Amid exasperation with the deadlock in Nagorno-Karabakh, the recent surge in combat has even mobilized Armenia’s “hipster” youth, says Elovsky, who didn’t see these Armenian volunteers in Nagorno-Karabakh with his own eyes, though he says his friends among Yerevan’s artist community named several mutual acquaintances who recently joined up. Many of these volunteers now heading to the frontlines, he told Meduza, are young men from Armenia’s capital with “trendy hairdos and oversized t-shirts who’ve never in their lives smelled gunpowder or fired a weapon.” 

The latest escalation in the Nagorno-Karabakh conflict has killed people, of course, though reports about casualties have been conflicting. On October 2, Stepanakert announced that 151 of its soldiers had died since fighting intensified recently. The breakaway republic’s spokespeople reported a day earlier that Azerbaijani shelling killed 11 civilians and injured more than 60 people. Officials in Yerevan say fighting has killed at least two Armenian civilians. Baku, meanwhile, has reported 19 deaths and 55 injured persons among its civilians, without disclosing Azerbaijani military losses.
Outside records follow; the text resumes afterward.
text \<open>The three terms come from the mass defect \<open>1 - 8\<eta>\<close> of the cutoff, the remainder of the
  second-order expansion of the weight, and the cutoff error of the energy density.\<close>
definition cutoff_error :: "real \<Rightarrow> real \<Rightarrow> real \<Rightarrow> real" where
  "cutoff_error \<epsilon> \<eta> W = 4*\<eta>*\<epsilon>\<^sup>2*W\<^sup>2 + (pi\<^sup>2/16)*(W\<^sup>2*\<epsilon>\<^sup>2)\<^sup>2 + 2*pi\<^sup>2*\<eta>*(1 + W\<^sup>2*\<epsilon>\<^sup>2/2)"

lemma transversal_error_le:
  fixes \<omega> W \<epsilon> \<eta> E M :: real
  assumes "0 \<le> \<omega>" "\<omega> \<le> W" "0 < \<eta>" "1 - 8*\<eta> \<le> M" "1/2 \<le> M" "0 \<le> E"
    and "cutoff_error \<epsilon> \<eta> W \<le> \<epsilon>\<^sup>2 * E / 2"
  shows "\<omega>\<^sup>2*\<epsilon>\<^sup>2/2 + (pi\<^sup>2/16)*(\<omega>\<^sup>2*\<epsilon>\<^sup>2)\<^sup>2 + 2*pi\<^sup>2*\<eta>*(1 + \<omega>\<^sup>2*\<epsilon>\<^sup>2/2) \<le> \<epsilon>\<^sup>2 * M * (\<omega>\<^sup>2/2 + E)"
proof -
  define X where "X = \<omega>\<^sup>2 * \<epsilon>\<^sup>2"
  define Y where "Y = W\<^sup>2 * \<epsilon>\<^sup>2"
  define Z where "Z = \<epsilon>\<^sup>2 * E"
  define p where "p = pi\<^sup>2"
  have X: "0 \<le> X" "X \<le> Y"
    unfolding X_def Y_def using assms(1,2) by (auto intro!: mult_right_mono power_mono)
  have "X\<^sup>2 \<le> Y\<^sup>2" using X by (simp add: power_mono)
  then have XY: "p*(\<eta>*X) \<le> p*(\<eta>*Y)" "p*X\<^sup>2 \<le> p*Y\<^sup>2" "\<eta>*X \<le> \<eta>*Y"
    using X assms(3) unfolding p_def by (auto intro!: mult_left_mono)
  have budget: "4*(\<eta>*Y) + p*Y\<^sup>2/16 + 2*p*\<eta> + p*(\<eta>*Y) \<le> Z/2"
    using assms(7) unfolding cutoff_error_def Y_def p_def Z_def by (simp add: algebra_simps)
  have "X/2 - 4*(\<eta>*X) \<le> M*X/2"
    using mult_right_mono[OF assms(4) X(1)] by (simp add: algebra_simps)
  moreover have "Z/2 \<le> M*Z"
    using mult_right_mono[OF assms(5), of Z] assms(6) unfolding Z_def by (simp add: algebra_simps)
  moreover have "\<omega>\<^sup>2*\<epsilon>\<^sup>2/2 + (pi\<^sup>2/16)*(\<omega>\<^sup>2*\<epsilon>\<^sup>2)\<^sup>2 + 2*pi\<^sup>2*\<eta>*(1 + \<omega>\<^sup>2*\<epsilon>\<^sup>2/2)
      = X/2 + p*X\<^sup>2/16 + 2*p*\<eta> + p*(\<eta>*X)"
    unfolding X_def p_def by (simp add: algebra_simps)
  moreover have "\<epsilon>\<^sup>2 * M * (\<omega>\<^sup>2/2 + E) = M*X/2 + M*Z"
    unfolding X_def Z_def by (simp add: algebra_simps)
  ultimately show ?thesis using XY budget by linarith
qed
At the same time, officials in Armenia and Azerbaijan both claim to have inflicted significant losses on each other. On September 30, Baku said it had killed or wounded 2,300 Armenian soldiers. Two days later, Yerevan reported 1,750 casualties on the Azerbaijani side.

Elovsky saw no one killed in Martuni, but locals told him that four people died in shelling on October 1. Another 11 were apparently injured, including the journalists caught in the shelling that missed him and his film crew.

On October 2, one day after Meduza spoke to Elovsky, bombs started falling on Stepanakert. Before the shelling, the front line was still several dozen miles away. Elovsky said the stores in the city were open for business and some hotels even operated restaurants and bars, but everything went dark at night. “Everything was shut off,” he says. “People sat at home with the lights turned off, so they didn’t make targeting any easier.” The hotel staff told Elovsky not to turn on his lights at night until he’d drawn the curtains completely. 

Stepanakert’s problems aren’t limited to death from above, says Elovsky, and the city now faces bread shortages. Yerevan is organizing humanitarian aid, but the supplies apparently lean heavily on cigarettes and sweets. For others on the ground, however, food isn’t the greatest concern. In his hotel lobby, Elovsky says he ran into the actor Hrant Tokhatyan, who starred in the TV series “The Last of the Magikyans.” When Elovsky asked him about the city’s bread shortage, Tokhatyan said they only thing lacking in Stepanakert is enough weapons.